Ultrastructure of the stratum oriens of the hippocampus and the hippocampal fimbria of 15-month-old Thy1-ApoE4 transgenic mice. A: Overview of the stratum oriens of the hippocampus showing degenerative dilated axons (large arrows). Normal axons are indicated by small arrows. B: Higher magnification of a dilated axon containing numerous electron-dense and multivesicular bodies, surrounded by a thinned myelin sheath (arrows). C: Dilated axon containing electron-dense amorphous material (arrows). D: Degenerating, only slightly dilated axons (arrows) in the hippocampal fimbria, filled with degenerative organelles and amorphous material. E: Hippocampal fimbria with grossly dilated degenerating axon, surrounded by nonaffected axons. The myelin sheath is thin or absent. Scale bar, 1 μm. Scale bar in B also applies to C. Accumulation of mitochondria in dilated, nondegenerative axons in 15-month-old Thy1-ApoE4 transgenic mice (F and G).
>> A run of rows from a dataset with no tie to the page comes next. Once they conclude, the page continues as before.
theorem mainTheorem14:
  fixes n :: nat and f :: "nat \<Rightarrow> linfun" and \<sigma> :: "nat \<Rightarrow> nat"
  assumes mono: "\<And>i. i \<in> {1..n} \<Longrightarrow> monotone_lin (f i)"
    and nonid: "\<And>i. i \<in> {1..n} \<Longrightarrow> \<not> identical_lin (f i)"
    and perm: "\<sigma> permutes {1..n}"
    and ccw: "counterclockwise n f \<sigma>"
    and le1: "lin_le (compose_perm f \<sigma> n) (compose_perm f (kshift n \<sigma> 1) n)"
    and le2: "lin_le (compose_perm f \<sigma> n) (compose_perm f (kshift n \<sigma> (n - 1)) n)"
    and ang: "theta (f (\<sigma> 1)) \<noteq> theta (compose_perm f \<sigma> n)"
  shows "minimum_perm n f \<sigma>"
proof -
  define L where "L = map \<sigma> [1..<Suc n]"
  have n: "n \<ge> 1" using ccw by (auto simp: counterclockwise_def)
  have L: "distinct L" "set L = {1..n}" "length L = n"
    using permutes_upt_list[OF perm] by (simp_all add: L_def)
  have L_hd: "L \<noteq> []" "hd L = \<sigma> 1"
    using n by (simp_all add: L_def upt_rec)
  have pos: "fst (f x) > 0 \<and> lvec (f x) \<noteq> 0" if "x \<in> set L" for x
    using mono nonid that L(2) by (simp add: monotone_lin_def lvec_eq_0_iff)
  have "lvec (f (hd L)) \<noteq> 0" using pos L_hd(1) by simp
  then have gap: "lvec_list f L = 0 \<or> ang f (hd L) \<noteq> polar_angle (lvec_list f L)"
    using ang L_hd(2) by (auto simp: theta_def ang_def compose_perm_eq_comp_list L_def)
  show ?thesis
    unfolding minimum_perm_def compose_perm_eq_comp_list
  proof (intro allI impI)
    fix \<rho> assume "\<rho> permutes {1..n}"
    then show "lin_le (comp_list f (map \<sigma> [1..<Suc n])) (comp_list f (map \<rho> [1..<Suc n]))"
      using comp_list_minimum[OF L(1) cyclically_sorted_of_counterclockwise[OF ccw, folded L_def]
          L_hd(1) pos snd_comp_list_le_rotate_of_lin_le_kshift[OF le1 n, folded L_def]
          snd_comp_list_le_rotate_of_lin_le_kshift[OF le2 diff_le_self, folded L_def L(3)] gap]
        permutes_upt_list L(2)
      by (simp add: L_def)
  qed
qed

end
Note the accumulation of small vesicles (arrows) in F. Scale bar, 2 μm (F and G).

Figure 8.

Ultrastructure of sciatic nerve of 15-month-old Thy1-ApoE4 transgenic mouse. A: Semithin section showing macrophages (arrows) filled with myelin debris, indicative of Wallerian degeneration. B: Semithin section of a collapsed axon surrounded by a thinned and partially disrupted myelin sheath (large arrow); the smaller arrows indicate macrophages. C: Affected axon with accumulation of mitochondria and amorphous material. D: Higher magnification of an axon partially filled with granular and electron-dense amorphous material (arrows). E: High magnification of an atrophic collapsed axon. F: A macrophage (arrows) filled with myelin debris. Scale bars, 10 μm (A, B, and E); 1 μm (C, D, and F).

Figure 9.

a: Hyperphosphorylation of protein Tau in spinal cord of 18-month-old Thy1-ApoE4 (tae-XIII) transgenic mice, compared to wild-type (wt) littermates. Four independent Tau-specific monoclonal antibodies (AT8, PHF1, AT180, and TAU5) were used to detect bands. Western blots shown are representative examples. b: Immunohistochemical staining with the phosphorylation-dependent monoclonal antibody AT8, demonstrating rare neurons with strong somatodendritic staining (arrows) in the spinal cord of 12-month-old Thy1-ApoE4 (tae-II) transgenic mice (A and C, arrows). Neurons with strong somatodendritic staining with AT8 were not present in wild-type littermates (B and D). Scale bars, 50 μm (A–D). WM, white matter. c: Cresyl violet staining of the ventral horn of a 12-month-old Thy1-ApoE4 (tae-II) transgenic mouse showing loss of Nissl substance in some neurons (arrows). Scale bar, 50 μm.